APCI-MS: m/z 463(MH⁺).

Example 3

2-({(2S)-3-[(5-Chloro-3H-spiro[1-benzofuran-2,1′-cyclohexan]-4′-yl)amino]-2-hydroxypropyl}oxy)-N-methylbenzamide

Step I
2-Hydroxy-N-methylbenzamide

A solution of methyl salicylate (5.16 mL, 40 mmol) in methanol (10 mL) was added dropwise to aqueous 40% methylamine (18.1 mL, 210 mmol) at 0° C. After the addition was completed the reaction mixture was stirred at room temperature overnight. The volatiles were removed in vacuo to give the subtitled compound (5.48 g).

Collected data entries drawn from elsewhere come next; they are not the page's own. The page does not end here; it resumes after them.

section \<open>Moments\<close>

definition has_moments :: "(int \<Rightarrow> real) \<Rightarrow> real \<Rightarrow> real \<Rightarrow> real \<Rightarrow> bool" where
  "has_moments p m0 m1 m2 \<longleftrightarrow> (p has_sum m0) UNIV \<and> ((\<lambda>d. of_int d * p d) has_sum m1) UNIV
     \<and> ((\<lambda>d. (of_int d)\<^sup>2 * p d) has_sum m2) UNIV"

lemma has_sum_shift_int:
  assumes "(f has_sum s) (UNIV :: int set)"
  shows "((\<lambda>d. f (d - t)) has_sum s) UNIV"
proof -
  have "bij_betw (\<lambda>d::int. d - t) UNIV UNIV"
    by (rule bij_betwI[where g = "\<lambda>d. d + t"]) auto
  then show ?thesis using assms by (subst has_sum_reindex_bij_betw) auto
qed

lemma has_moments_shift:
  assumes "has_moments p m0 m1 m2"
  shows "has_moments (\<lambda>d. p (d - t)) m0 (m1 + of_int t * m0) (m2 + 2 * of_int t * m1 + (of_int t)\<^sup>2 * m0)"
proof -
  have h: "(p has_sum m0) UNIV" "((\<lambda>d. of_int d * p d) has_sum m1) UNIV"
    "((\<lambda>d. (of_int d)\<^sup>2 * p d) has_sum m2) UNIV" using assms by (auto simp: has_moments_def)
  have "((\<lambda>e. of_int e * p e + of_int t * p e) has_sum (m1 + of_int t * m0)) UNIV"
    "((\<lambda>e. (of_int e)\<^sup>2 * p e + 2 * of_int t * (of_int e * p e) + (of_int t)\<^sup>2 * p e)
      has_sum (m2 + 2 * of_int t * m1 + (of_int t)\<^sup>2 * m0)) UNIV"
    by (intro has_sum_add has_sum_cmult_right h)+
  from this[THEN has_sum_shift_int, of t] show ?thesis
    using has_sum_shift_int[OF h(1), of t]
    by (simp add: has_moments_def power2_eq_square algebra_simps)
qed
text \<open>Averaging over all sign changes of the variables in \<open>V\<close> kills every monomial
  except the constant one.\<close>

lemma mon_span_sign_average:
  assumes V: "finite V" and f: "f \<in> mon_span V"
  shows "(\<lambda>x. \<Sum>T\<in>Pow V. f (flip T x)) \<in> sq_poly V"
  using f
proof (induction f rule: mon_span.induct)
  case mon_span_zero
  show ?case using sq_const[of 0] by simp
next
  case (mon_span_mon S c)
  have "finite S" using V mon_span_mon.hyps(1) finite_subset by auto
  have "(\<Sum>T\<in>Pow V. (\<Prod>i\<in>S. flip T x i) * c (flip T x))
      = (\<Prod>i\<in>S. x i) * c x * (\<Sum>T\<in>Pow V. (-1) ^ card (S \<inter> T))" for x
    by (simp add: prod_flip[OF \<open>finite S\<close>] sq_poly_flip[OF mon_span_mon.hyps(2)]
        sum_distrib_left algebra_simps)
  then have "(\<lambda>x. \<Sum>T\<in>Pow V. (\<Prod>i\<in>S. flip T x i) * c (flip T x))
      = (if S = {} then (\<lambda>x. 2 ^ card V * c x) else (\<lambda>x. 0))"
    by (auto simp: sum_Pow_sign[OF V mon_span_mon.hyps(1)])
  then show ?case
    using mon_span_mon.hyps by (simp add: sq_mult sq_const)
next
  case (mon_span_add f g)
  then show ?case by (simp add: sum.distrib sq_add)
qed

lemma sign_invariant_sq_poly:
  assumes V: "finite V" and F: "F \<in> poly_fun d" and dep: "depends_only_on V F"
    and inv: "\<And>T x. T \<subseteq> V \<Longrightarrow> F (flip T x) = F x"
  shows "F \<in> sq_poly V"
proof -
  have "F (proj V (flip T x)) = F x" if "T \<subseteq> V" for T x
    using dep inv[OF that] by (simp add: depends_only_on_def)
  then have avg: "(\<Sum>T\<in>Pow V. F (proj V (flip T x))) = 2 ^ card V * F x" for x
    using V by (simp add: card_Pow)
  have "F = (\<lambda>x. 1 / 2 ^ card V * (\<Sum>T\<in>Pow V. F (proj V (flip T x))))"
    by (simp add: avg)
  also have "\<dots> \<in> sq_poly V"
    by (intro sq_mult sq_const mon_span_sign_average[OF V] poly_fun_proj_mon_span[OF V F])
  finally show ?thesis .
qed

section \<open>Rational functions of the generators\<close>

text \<open>Rational functions of the generators, as functions on the torus, where the squares
  \<open>x\<^sub>j\<^sup>2\<close> that will occur as denominators do not vanish.\<close>

definition gen_quot :: "nat \<Rightarrow> ((nat \<Rightarrow> complex) \<Rightarrow> complex) set" where
  "gen_quot d = {G. \<exists>P\<in>poly_fun d. \<exists>Q\<in>poly_fun d.
      \<forall>x\<in>torus d. Q (gens d x) \<noteq> 0 \<and> G x = P (gens d x) / Q (gens d x)}"

lemma gen_quotI:
  assumes "P \<in> poly_fun d" "Q \<in> poly_fun d" "\<And>x. x \<in> torus d \<Longrightarrow> Q (gens d x) \<noteq> 0"
    and "\<And>x. x \<in> torus d \<Longrightarrow> G x = P (gens d x) / Q (gens d x)"
  shows "G \<in> gen_quot d"
  using assms unfolding gen_quot_def by blast

lemma gen_quotE:
  assumes "G \<in> gen_quot d"
  obtains P Q where "P \<in> poly_fun d" "Q \<in> poly_fun d" "\<And>x. x \<in> torus d \<Longrightarrow> Q (gens d x) \<noteq> 0"
    "\<And>x. x \<in> torus d \<Longrightarrow> G x = P (gens d x) / Q (gens d x)"
  using assms unfolding gen_quot_def by blast

lemma gen_quot_const: "(\<lambda>x. c) \<in> gen_quot d"
  by (rule gen_quotI[OF pf_const[of c] pf_const[of 1]]) simp_all

lemma gen_quot_gens: "k < d \<Longrightarrow> (\<lambda>x. gens d x k) \<in> gen_quot d"
  by (rule gen_quotI[OF pf_var[of k] pf_const[of 1]]) simp_all

lemma gen_quot_cong: "G \<in> gen_quot d \<Longrightarrow> (\<And>x. x \<in> torus d \<Longrightarrow> F x = G x) \<Longrightarrow> F \<in> gen_quot d"
  by (elim gen_quotE, rule gen_quotI) auto

lemma gen_quot_add:
  assumes "F \<in> gen_quot d" "G \<in> gen_quot d"
  shows "(\<lambda>x. F x + G x) \<in> gen_quot d"
proof -
  obtain P1 Q1 P2 Q2 where "P1 \<in> poly_fun d" "Q1 \<in> poly_fun d" "P2 \<in> poly_fun d" "Q2 \<in> poly_fun d"
    and "\<And>x. x \<in> torus d \<Longrightarrow> Q1 (gens d x) \<noteq> 0 \<and> Q2 (gens d x) \<noteq> 0"
    and "\<And>x. x \<in> torus d \<Longrightarrow> F x = P1 (gens d x) / Q1 (gens d x) \<and> G x = P2 (gens d x) / Q2 (gens d x)"
    using assms by (elim gen_quotE) metis
  then show ?thesis
    by (intro gen_quotI[of "\<lambda>z. P1 z * Q2 z + P2 z * Q1 z" d "\<lambda>z. Q1 z * Q2 z"])
       (auto intro: pf_add pf_mult simp: add_frac_eq)
qed

lemma gen_quot_diff:
  assumes "F \<in> gen_quot d" "G \<in> gen_quot d"
  shows "(\<lambda>x. F x - G x) \<in> gen_quot d"
proof -
  obtain P1 Q1 P2 Q2 where "P1 \<in> poly_fun d" "Q1 \<in> poly_fun d" "P2 \<in> poly_fun d" "Q2 \<in> poly_fun d"
    and "\<And>x. x \<in> torus d \<Longrightarrow> Q1 (gens d x) \<noteq> 0 \<and> Q2 (gens d x) \<noteq> 0"
    and "\<And>x. x \<in> torus d \<Longrightarrow> F x = P1 (gens d x) / Q1 (gens d x) \<and> G x = P2 (gens d x) / Q2 (gens d x)"
    using assms by (elim gen_quotE) metis
  then show ?thesis
    by (intro gen_quotI[of "\<lambda>z. P1 z * Q2 z - P2 z * Q1 z" d "\<lambda>z. Q1 z * Q2 z"])
       (auto intro: poly_fun_diff pf_mult simp: diff_frac_eq)
qed

lemma gen_quot_mult:
  assumes "F \<in> gen_quot d" "G \<in> gen_quot d"
  shows "(\<lambda>x. F x * G x) \<in> gen_quot d"
proof -
  obtain P1 Q1 P2 Q2 where "P1 \<in> poly_fun d" "Q1 \<in> poly_fun d" "P2 \<in> poly_fun d" "Q2 \<in> poly_fun d"
    and "\<And>x. x \<in> torus d \<Longrightarrow> Q1 (gens d x) \<noteq> 0 \<and> Q2 (gens d x) \<noteq> 0"
    and "\<And>x. x \<in> torus d \<Longrightarrow> F x = P1 (gens d x) / Q1 (gens d x) \<and> G x = P2 (gens d x) / Q2 (gens d x)"
    using assms by (elim gen_quotE) metis
  then show ?thesis
    by (intro gen_quotI[of "\<lambda>z. P1 z * P2 z" d "\<lambda>z. Q1 z * Q2 z"]) (auto intro: pf_mult)
qed

lemma gen_quot_divide:
  assumes "F \<in> gen_quot d" "G \<in> gen_quot d" "\<And>x. x \<in> torus d \<Longrightarrow> G x \<noteq> 0"
  shows "(\<lambda>x. F x / G x) \<in> gen_quot d"
proof -
  obtain P1 Q1 P2 Q2 where "P1 \<in> poly_fun d" "Q1 \<in> poly_fun d" "P2 \<in> poly_fun d" "Q2 \<in> poly_fun d"
    and "\<And>x. x \<in> torus d \<Longrightarrow> Q1 (gens d x) \<noteq> 0 \<and> Q2 (gens d x) \<noteq> 0"
    and "\<And>x. x \<in> torus d \<Longrightarrow> F x = P1 (gens d x) / Q1 (gens d x) \<and> G x = P2 (gens d x) / Q2 (gens d x)"
    using assms(1,2) by (elim gen_quotE) metis
  with assms(3) show ?thesis
    by (intro gen_quotI[of "\<lambda>z. P1 z * Q2 z" d "\<lambda>z. Q1 z * P2 z"]) (auto intro: pf_mult)
qed

lemma sq_poly_gen_quot:
  assumes "c \<in> sq_poly V" "\<And>j. j \<in> V \<Longrightarrow> (\<lambda>x. x j ^ 2) \<in> gen_quot d"
  shows "c \<in> gen_quot d"
  using assms
  by (induction c rule: sq_poly.induct) (auto intro: gen_quot_const gen_quot_add gen_quot_mult)

lemma gen_quot_fraction:
  assumes "F \<in> gen_quot d" "G \<in> gen_quot d" "x0 \<in> torus d" "G x0 \<noteq> 0"
  obtains P Q where "P \<in> poly_fun d" "Q \<in> poly_fun d" "Q (gens d x0) \<noteq> 0"
    "\<And>x. x \<in> torus d \<Longrightarrow> F x * Q (gens d x) = G x * P (gens d x)"
proof -
  obtain P1 Q1 P2 Q2 where "P1 \<in> poly_fun d" "Q1 \<in> poly_fun d" "P2 \<in> poly_fun d" "Q2 \<in> poly_fun d"
    and "\<And>x. x \<in> torus d \<Longrightarrow> Q1 (gens d x) \<noteq> 0 \<and> Q2 (gens d x) \<noteq> 0"
    and "\<And>x. x \<in> torus d \<Longrightarrow> F x = P1 (gens d x) / Q1 (gens d x) \<and> G x = P2 (gens d x) / Q2 (gens d x)"
    using assms(1,2) by (elim gen_quotE) metis
  with assms(3,4) show ?thesis
    by (intro that[of "\<lambda>z. P1 z * Q2 z" "\<lambda>z. Q1 z * P2 z"]) (auto intro: pf_mult)
qed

¹H-NMR (CD₃OD, 400 MHz): δ 5.70 (dd, J=1.5, 7.9 Hz, 1H); 7.38-7.32 (m, 2H); 6.90-6.83 (m, 2H); 2.85 (s, 3H).

Step II

N-Methyl-2-[(2S)-oxiran-2-ylmethoxy]benzaniide

A mixture of (2S)-oxiran-2-ylmethyl-3-nitrobenzenesulfonate (388.5 mg, 1.50 mmol), 2-hydroxy-N-methylbenzamide (226.5 mg, 1.50 mmol) and Cs₂CO₃ (586 mg, 1.80 mmol) in DMF (6 mL) was stirred at room temperature overnight. The reaction mixture was partitioned between ethyl acetate and H₂O. The organic layer was dried over Na₂SO₄, filtered and concentrated. The residue was purified by silica gel flash chromatography (0-50% ethyl acetate in petroleum benzene) to give the subtitled compound (284 mg).

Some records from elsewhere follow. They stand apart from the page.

text \<open>Each instance has exactly \<open>mk M\<close> vertices, so it is counted \<open>mk M\<close> times.\<close>
lemma sum_deg_eq: "finite W \<Longrightarrow> (\<Sum>w\<in>W. deg W w) = mk M * weight W"
proof -
  assume fin: "finite W"
  let ?I = "instances M \<delta> E W"
  have "(\<Sum>w\<in>W. deg W w) = (\<Sum>w\<in>W. \<Sum>S\<in>{S. S \<in> ?I \<and> w \<in> inst_vertices S}. \<tau> S)"
    by (simp add: mdeg_def)
  also have "\<dots> = (\<Sum>S\<in>?I. \<Sum>w\<in>{w. w \<in> W \<and> w \<in> inst_vertices S}. \<tau> S)"
    by (rule sum.swap_restrict[OF fin finite_instances[OF finite_E]])
  also have "\<dots> = (\<Sum>S\<in>?I. mk M * \<tau> S)"
  proof (rule sum.cong[OF refl])
    fix S assume "S \<in> ?I"
    then have "{w. w \<in> W \<and> w \<in> inst_vertices S} = inst_vertices S"
      and "card (inst_vertices S) = mk M"
      by (auto simp: instances_iff card_inst_vertices)
    then show "(\<Sum>w\<in>{w. w \<in> W \<and> w \<in> inst_vertices S}. \<tau> S) = mk M * \<tau> S"
      by simp
  qed
  finally show ?thesis
    by (simp add: tauW_def sum_distrib_left)
qed

lemma weight_Diff_singleton: "weight W = weight (W - {v}) + deg W v"
proof -
  let ?I = "instances M \<delta> E W"
  have "weight W = (\<Sum>S\<in>{S \<in> ?I. v \<notin> inst_vertices S} \<union> {S \<in> ?I. v \<in> inst_vertices S}. \<tau> S)"
    unfolding tauW_def by (rule sum.cong) auto
  also have "\<dots> = (\<Sum>S\<in>{S \<in> ?I. v \<notin> inst_vertices S}. \<tau> S) + (\<Sum>S\<in>{S \<in> ?I. v \<in> inst_vertices S}. \<tau> S)"
    by (intro sum.union_disjoint) (auto intro: finite_subset[OF _ finite_instances[OF finite_E]])
  finally show ?thesis
    by (simp add: tauW_def mdeg_def instances_Diff_singleton)
qed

¹H-NMR (CDCl₃, 400 MHz): δ 5.39 (m, 1H); 7.90 (br.s, 1H); 7.06-6.98 (m, 2H); 6.95-6.89 (m, 1H); 4.38 (dd, J=2.5, 11.4 Hz, 1H); 3.98 (dd, J=6.0, 11.4 Hz, 1H); 3.40 (m, 1H); 2.97 (t, J=5.0 Hz, 1H); 2.81 (dd, J=2.7, 4.8 Hz, 1H); 2.21 (s, 3H).

APCI-MS: m/z 208(MH⁺).

Step III

2-({(2S)-3-[(5-Chloro-3H-spiro[1-benzofuran-2,1′-cyclohexan]-4′-yl)amino]-2-hydroxypropyl}oxy)-N-methylbenzamide

A mixture of (5-chloro-3H-spiro[1-benzofuran-2,1′-cyclohexan]4′-yl)amine (14 mg, 0.059 mmol) and N-methyl-2-[(2S)-oxiran-2-ylmethoxylbenzamide (12.2 mg, 0.059 mmol) in ethanol (1.5 mL) was stirred at 80° C. over night. The volatiles were removed in vacuo and the residue was purified by HPLC (10-50% CH₃CN in H₂O, 0.2% NH₄OH) to give the titled compound (5 mg).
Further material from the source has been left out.